=== Begin Enclosure ===

lemma flat_rank_strict_mono:
  assumes fin: "finite E" and A: "A \<in> flats E \<C>" and B: "B \<in> flats E \<C>" and "A \<subset> B"
  shows "flat_rank E \<C> A < flat_rank E \<C> B"
proof -
  have "[A] \<in> flat_chains E \<C> A"
    using A by (simp add: flat_chains_def)
  then have "flat_rank E \<C> A \<in> (\<lambda>L. length L - 1) ` flat_chains E \<C> A"
    unfolding flat_rank_eq_Max using finite_flat_chains[OF fin] by (intro Max_in) auto
  then obtain L where L: "L \<in> flat_chains E \<C> A" and rank_A: "flat_rank E \<C> A = length L - 1"
    by blast
  have "X \<subset> B" if "X \<in> set L" for X
  proof -
    have "X \<subseteq> A"
      using sorted_wrt_psubset_subset_last[of L X] L that by (simp add: flat_chains_def)
    with \<open>A \<subset> B\<close> show ?thesis
      by blast
  qed
  with L B have "L @ [B] \<in> flat_chains E \<C> B"
    by (simp add: flat_chains_def sorted_wrt_append)
  then have "length (L @ [B]) - 1 \<le> flat_rank E \<C> B"
    unfolding flat_rank_eq_Max by (rule Max_ge[OF finite_imageI[OF finite_flat_chains[OF fin]] imageI])
  moreover have "L \<noteq> []"
    using L by (simp add: flat_chains_def)
  ultimately show ?thesis
    using rank_A by (cases L) auto
qed

subsection \<open>Cocircuits through a coline\<close>

locale oriented_matroid_on =
  fixes E :: "'e set" and \<C> :: "'e signvec set"
  assumes oriented_matroid: "oriented_matroid E \<C>"
begin

abbreviation coline :: "'e set \<Rightarrow> bool" where
  "coline N \<equiv> is_flat_of_rank E \<C> N (om_rank E \<C> - 2)"

lemma finite_ground: "finite E"
  using oriented_matroid by (simp add: oriented_matroid_def)

lemma vneg_cocircuit: "A \<in> \<C> \<Longrightarrow> vneg A \<in> \<C>"
  using oriented_matroid by (simp add: oriented_matroid_def)

lemma cocircuit_support: "A \<in> \<C> \<Longrightarrow> A e \<noteq> Zer \<Longrightarrow> e \<in> E"
  using oriented_matroid unfolding oriented_matroid_def supp_def by blast

lemma cocircuit_eq_if_zset_subset:
  assumes A: "A \<in> \<C>" and B: "B \<in> \<C>" and "zset E B \<subseteq> zset E A"
  shows "A = B \<or> A = vneg B"
proof -
  have "supp A \<subseteq> supp B"
    using assms cocircuit_support[OF A] unfolding supp_def zset_def by blast
  then show ?thesis
    using oriented_matroid A B unfolding oriented_matroid_def by blast
qed

lemma zset_cocircuit_psubset:
  assumes "A \<in> \<C>"
  shows "zset E A \<subset> E"
proof -
  have "A \<noteq> zerovec"
    using oriented_matroid assms by (auto simp: oriented_matroid_def)
  then obtain e where "A e \<noteq> Zer"
    by (auto simp: zerovec_def)
  then show ?thesis
    using cocircuit_support[OF assms] by (auto simp: zset_def)
qed

lemma weak_elimination:
  assumes "A \<in> \<C>" "B \<in> \<C>" "A \<noteq> vneg B" "e \<in> sep A B"
  obtains Z where "Z \<in> \<C>" "Z e = Zer" "\<And>x. Z x \<noteq> Zer \<Longrightarrow> Z x = A x \<or> Z x = B x"
    "zset E A \<inter> zset E B \<subseteq> zset E Z"
proof -
  obtain Z where Z: "Z \<in> \<C>" "Z e = Zer"
    and pos: "{h. Z h = Pos} \<subseteq> {h. A h = Pos} \<union> {h. B h = Pos}"
    and neg: "{h. Z h = Neg} \<subseteq> {h. A h = Neg} \<union> {h. B h = Neg}"
    using oriented_matroid assms unfolding oriented_matroid_def by blast
  have conformal: "Z x = A x \<or> Z x = B x" if "Z x \<noteq> Zer" for x
    using that pos neg by (cases "Z x") auto
  moreover have "zset E A \<inter> zset E B \<subseteq> zset E Z"
    using conformal by (fastforce simp: zset_def)
  ultimately show thesis
    using that Z by blast
qed

lemma flat_rank_zset_Int_less:
  assumes A: "A \<in> \<C>" and B: "B \<in> \<C>" and "A \<noteq> B" "A \<noteq> vneg B"
  shows "flat_rank E \<C> (zset E A \<inter> zset E B) + 1 < om_rank E \<C>"
proof -
  have "\<not> zset E A \<subseteq> zset E B"
    using cocircuit_eq_if_zset_subset[OF B A] assms by auto
  then have "flat_rank E \<C> (zset E A \<inter> zset E B) < flat_rank E \<C> (zset E A)"
    using A B by (intro flat_rank_strict_mono finite_ground zset_Int_in_flats zset_in_flats) auto
  moreover have "flat_rank E \<C> (zset E A) < om_rank E \<C>"
    unfolding om_rank_def using A
    by (intro flat_rank_strict_mono finite_ground zset_in_flats ground_in_flats zset_cocircuit_psubset)
  ultimately show ?thesis
    by linarith
qed

lemma coline_eq_zset_Int:
  assumes N: "coline N" and A: "A \<in> \<C>" and B: "B \<in> \<C>" and AB: "A \<noteq> B" "A \<noteq> vneg B"
    and "N \<subseteq> zset E A" "N \<subseteq> zset E B"
  shows "zset E A \<inter> zset E B = N"
proof (rule ccontr)
  assume "zset E A \<inter> zset E B \<noteq> N"
  with assms have "N \<subset> zset E A \<inter> zset E B"
    by blast
  then have "flat_rank E \<C> N < flat_rank E \<C> (zset E A \<inter> zset E B)"
    using N A B by (intro flat_rank_strict_mono finite_ground zset_Int_in_flats zset_in_flats)
      (auto simp: is_flat_of_rank_def)
  with flat_rank_zset_Int_less[OF A B AB] N show False
    by (simp add: is_flat_of_rank_def)
qed

lemma cocircuits_on_coline_eq:
  assumes "coline N" "P \<in> \<C>" "Q \<in> \<C>" "N \<subseteq> zset E P" "N \<subseteq> zset E Q"
    and "x \<in> E" "x \<notin> N" "P x = Zer" "Q x = Zer"
  shows "P = Q \<or> P = vneg Q"
  using coline_eq_zset_Int[of N P Q] assms by (auto simp: zset_def)

lemma elimination_on_coline:
  assumes N: "coline N" and A: "A \<in> \<C>" and B: "B \<in> \<C>" and C: "C \<in> \<C>"
    and sub: "N \<subseteq> zset E A" "N \<subseteq> zset E B" "N \<subseteq> zset E C"
    and "A \<noteq> vneg B" "e \<in> sep A B" "C e = Zer"
  obtains Z where "Z = C \<or> Z = vneg C" "\<And>x. Z x \<noteq> Zer \<Longrightarrow> Z x = A x \<or> Z x = B x"
proof -
  obtain Z where Z: "Z \<in> \<C>" "Z e = Zer" and Z_conf: "\<And>x. Z x \<noteq> Zer \<Longrightarrow> Z x = A x \<or> Z x = B x"
    and "zset E A \<inter> zset E B \<subseteq> zset E Z"
    using weak_elimination[OF A B \<open>A \<noteq> vneg B\<close> \<open>e \<in> sep A B\<close>] by blast
  with sub have "N \<subseteq> zset E Z"
    by blast
  moreover have "e \<in> E" "e \<notin> N"
    using \<open>e \<in> sep A B\<close> cocircuit_support[OF A, of e] sub(1) by (auto simp: sep_def zset_def)
  ultimately have "Z = C \<or> Z = vneg C"
    using cocircuits_on_coline_eq[OF N Z(1) C _ sub(3)] Z(2) \<open>C e = Zer\<close> by blast
  with Z_conf that show thesis
    by blast
qed

lemma coline_sign_agreement:
  assumes N: "coline N" and A: "A \<in> \<C>" and B: "B \<in> \<C>" and C: "C \<in> \<C>"
    and sub: "N \<subseteq> zset E A" "N \<subseteq> zset E B" "N \<subseteq> zset E C"
    and C_zero: "C g = Zer" "C h = Zer"
    and g: "A g = B g" "A g \<noteq> Zer" and h: "A h \<noteq> Zer" "B h \<noteq> Zer"
  shows "A h = B h"
proof (rule ccontr)
  assume "A h \<noteq> B h"
  with h have h_sep: "h \<in> sep A B"
    by (cases "A h"; cases "B h") (auto simp: sep_def)
  have g_sep: "g \<in> sep A (vneg B)"
    using g by (simp add: sep_def)
  have "A \<noteq> vneg B" "A \<noteq> vneg (vneg B)"
    using g \<open>A h \<noteq> B h\<close> by auto
  obtain Z where Z_C: "Z = C \<or> Z = vneg C"
    and Z_conf: "\<And>x. Z x \<noteq> Zer \<Longrightarrow> Z x = A x \<or> Z x = B x"
    using elimination_on_coline[OF N A B C sub \<open>A \<noteq> vneg B\<close> h_sep C_zero(2)] by blast
  have "N \<subseteq> zset E (vneg B)"
    using sub(2) by simp
  then obtain Z' where "Z' = C \<or> Z' = vneg C"
    and Z'_conf: "\<And>x. Z' x \<noteq> Zer \<Longrightarrow> Z' x = A x \<or> Z' x = sneg (B x)"
    using elimination_on_coline[OF N A vneg_cocircuit[OF B] C sub(1) _ sub(3) \<open>A \<noteq> vneg (vneg B)\<close>
        g_sep C_zero(1)]
    by auto
  with Z_C C_zero(1) have Z_g: "Z g = Zer" and "Z' = Z \<or> Z' = vneg Z"
    by auto
  \<comment> \<open>Z is conformal to (A, B) and Z' = +-Z to (A, -B): this forces supp Z into supp A or supp B.\<close>
  then have "zset E A \<subseteq> zset E Z \<or> zset E B \<subseteq> zset E Z"
  proof (elim disjE)
    assume "Z' = Z"
    then have "Z x = Zer" if "A x = Zer" for x
      using Z_conf[of x] Z'_conf[of x] that by (cases "Z x"; cases "B x") auto
    then show ?thesis
      by (auto simp: zset_def)
  next
    assume "Z' = vneg Z"
    then have "Z x = Zer" if "B x = Zer" for x
      using Z_conf[of x] Z'_conf[of x] that by (cases "Z x"; cases "A x") auto
    then show ?thesis
      by (auto simp: zset_def)
  qed
  moreover have "Z \<in> \<C>"
    using Z_C C vneg_cocircuit by blast
  ultimately have "Z = A \<or> Z = vneg A \<or> Z = B \<or> Z = vneg B"
    using cocircuit_eq_if_zset_subset[OF _ A] cocircuit_eq_if_zset_subset[OF _ B] by blast
  with Z_g g show False
    by auto
qed

lemma coline_agree_on_zset:
  assumes N: "coline N" and A: "A \<in> \<C>" and B: "B \<in> \<C>" and C: "C \<in> \<C>"
    and sub: "N \<subseteq> zset E A" "N \<subseteq> zset E B" "N \<subseteq> zset E C"
    and g: "C g = Zer" "A g = B g" "A g \<noteq> Zer" and h: "C h = Zer"
  shows "A h = B h"
proof (cases "h \<in> E - N")
  case False
  then have "A h = Zer" "B h = Zer"
    using sub cocircuit_support[OF A, of h] cocircuit_support[OF B, of h] by (auto simp: zset_def)
  then show ?thesis
    by simp
next
  case True
  have nonzero: "P h \<noteq> Zer" if P: "P \<in> \<C>" "N \<subseteq> zset E P" "P g \<noteq> Zer" for P
  proof
    assume "P h = Zer"
    then have "P = C \<or> P = vneg C"
      using cocircuits_on_coline_eq[OF N P(1) C P(2) sub(3)] True h by blast
    with g(1) P(3) show False
      by auto
  qed
  show ?thesis
    using coline_sign_agreement[OF N A B C sub g(1) h g(2,3)] nonzero[OF A sub(1)] nonzero[OF B sub(2)] g
    by auto
qed

subsection \<open>Elimination between comodular cocircuits\<close>

lemma comodular_coline: "comodular E \<C> A B \<Longrightarrow> coline (zset E A \<inter> zset E B)"
  by (simp add: comodular_def is_edge_def)

lemma comodularI:
  assumes "A \<in> \<C>" "B \<in> \<C>" "A \<noteq> B" "A \<noteq> vneg B" "coline (zset E A \<inter> zset E B)"
  shows "comodular E \<C> A B"
  using assms covectors.comp[OF assms(1) cocircuit_covector[OF assms(2)]]
  by (simp add: comodular_def is_edge_def)

lemma comodular_vneg_left:
  assumes "comodular E \<C> A B"
  shows "comodular E \<C> (vneg A) B"
  using assms vneg_cocircuit[of A] comodular_coline[OF assms]
  by (intro comodularI) (auto simp: comodular_def vneg_eq_iff)

lemma modular_elimination_exists:
  assumes AB: "comodular E \<C> A B" and e: "e \<in> sep A B"
  shows "\<exists>Z\<in>\<C>. Z e = Zer \<and> (\<forall>h. h \<notin> sep A B \<longrightarrow> Z h = (A \<circ>\<^sub>s B) h)"
proof -
  have A: "A \<in> \<C>" and B: "B \<in> \<C>" and "A \<noteq> vneg B"
    using AB by (auto simp: comodular_def)
  obtain Z where Z: "Z \<in> \<C>" "Z e = Zer" and Z_conf: "\<And>x. Z x \<noteq> Zer \<Longrightarrow> Z x = A x \<or> Z x = B x"
    and sub: "zset E A \<inter> zset E B \<subseteq> zset E Z"
    using weak_elimination[OF A B \<open>A \<noteq> vneg B\<close> e] by blast
  have opposite: "A h = sneg (B h)" if "Z h = Zer" for h
  proof -
    have Ae: "A e = vneg B e" "A e \<noteq> Zer"
      using e by (auto simp: sep_def)
    have "A h = vneg B h"
      by (rule coline_agree_on_zset[OF comodular_coline[OF AB] A vneg_cocircuit[OF B] Z(1) _ _ sub
            Z(2) Ae that]) (auto simp: zset_def)
    then show ?thesis
      by simp
  qed
  have "Z h = (A \<circ>\<^sub>s B) h" if "h \<notin> sep A B" for h
  proof (cases "Z h = Zer")
    case True
    with opposite that show ?thesis
      by (auto simp: sep_def comp_def)
  next
    case False
    with Z_conf[OF False] that show ?thesis
      by (cases "A h"; cases "B h") (auto simp: sep_def comp_def)
  qed
  with Z show ?thesis
    by blast
qed

lemma modular_elimination_unique:
  assumes AB: "comodular E \<C> A B" and e: "e \<in> sep A B"
    and W: "W \<in> \<C>" "W e = Zer" "\<forall>h. h \<notin> sep A B \<longrightarrow> W h = (A \<circ>\<^sub>s B) h"
    and W': "W' \<in> \<C>" "W' e = Zer" "\<forall>h. h \<notin> sep A B \<longrightarrow> W' h = (A \<circ>\<^sub>s B) h"
  shows "W = W'"
proof -
  have A: "A \<in> \<C>" and Ae: "A e \<noteq> Zer"
    using AB e by (auto simp: comodular_def sep_def)
  have "zset E A \<inter> zset E B \<subseteq> zset E V" if "\<forall>h. h \<notin> sep A B \<longrightarrow> V h = (A \<circ>\<^sub>s B) h" for V
    using that by (auto simp: zset_def sep_def comp_def)
  moreover have "e \<in> E" "e \<notin> zset E A \<inter> zset E B"
    using cocircuit_support[OF A Ae] Ae by (auto simp: zset_def)
  ultimately have "W = W' \<or> W = vneg W'"
    using cocircuits_on_coline_eq[OF comodular_coline[OF AB] W(1) W'(1)] W W' by blast
  moreover have "W \<noteq> vneg W'"
  proof
    assume "W = vneg W'"
    then have "zset E A \<subseteq> zset E W"
      using W(3) W'(3) by (fastforce simp: zset_def sep_def)
    then have "W = A \<or> W = vneg A"
      by (rule cocircuit_eq_if_zset_subset[OF W(1) A])
    with W(2) Ae show False
      by auto
  qed
  ultimately show ?thesis
    by blast
qed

=== End Enclosure ===

● **Description of the task**:
All lines of the listing holding the string "opposite" must be returned, copied as they stand.

● **Answer space**:
  have opposite: "A h = sneg (B h)" if "Z h = Zer" for h
    with opposite that show ?thesis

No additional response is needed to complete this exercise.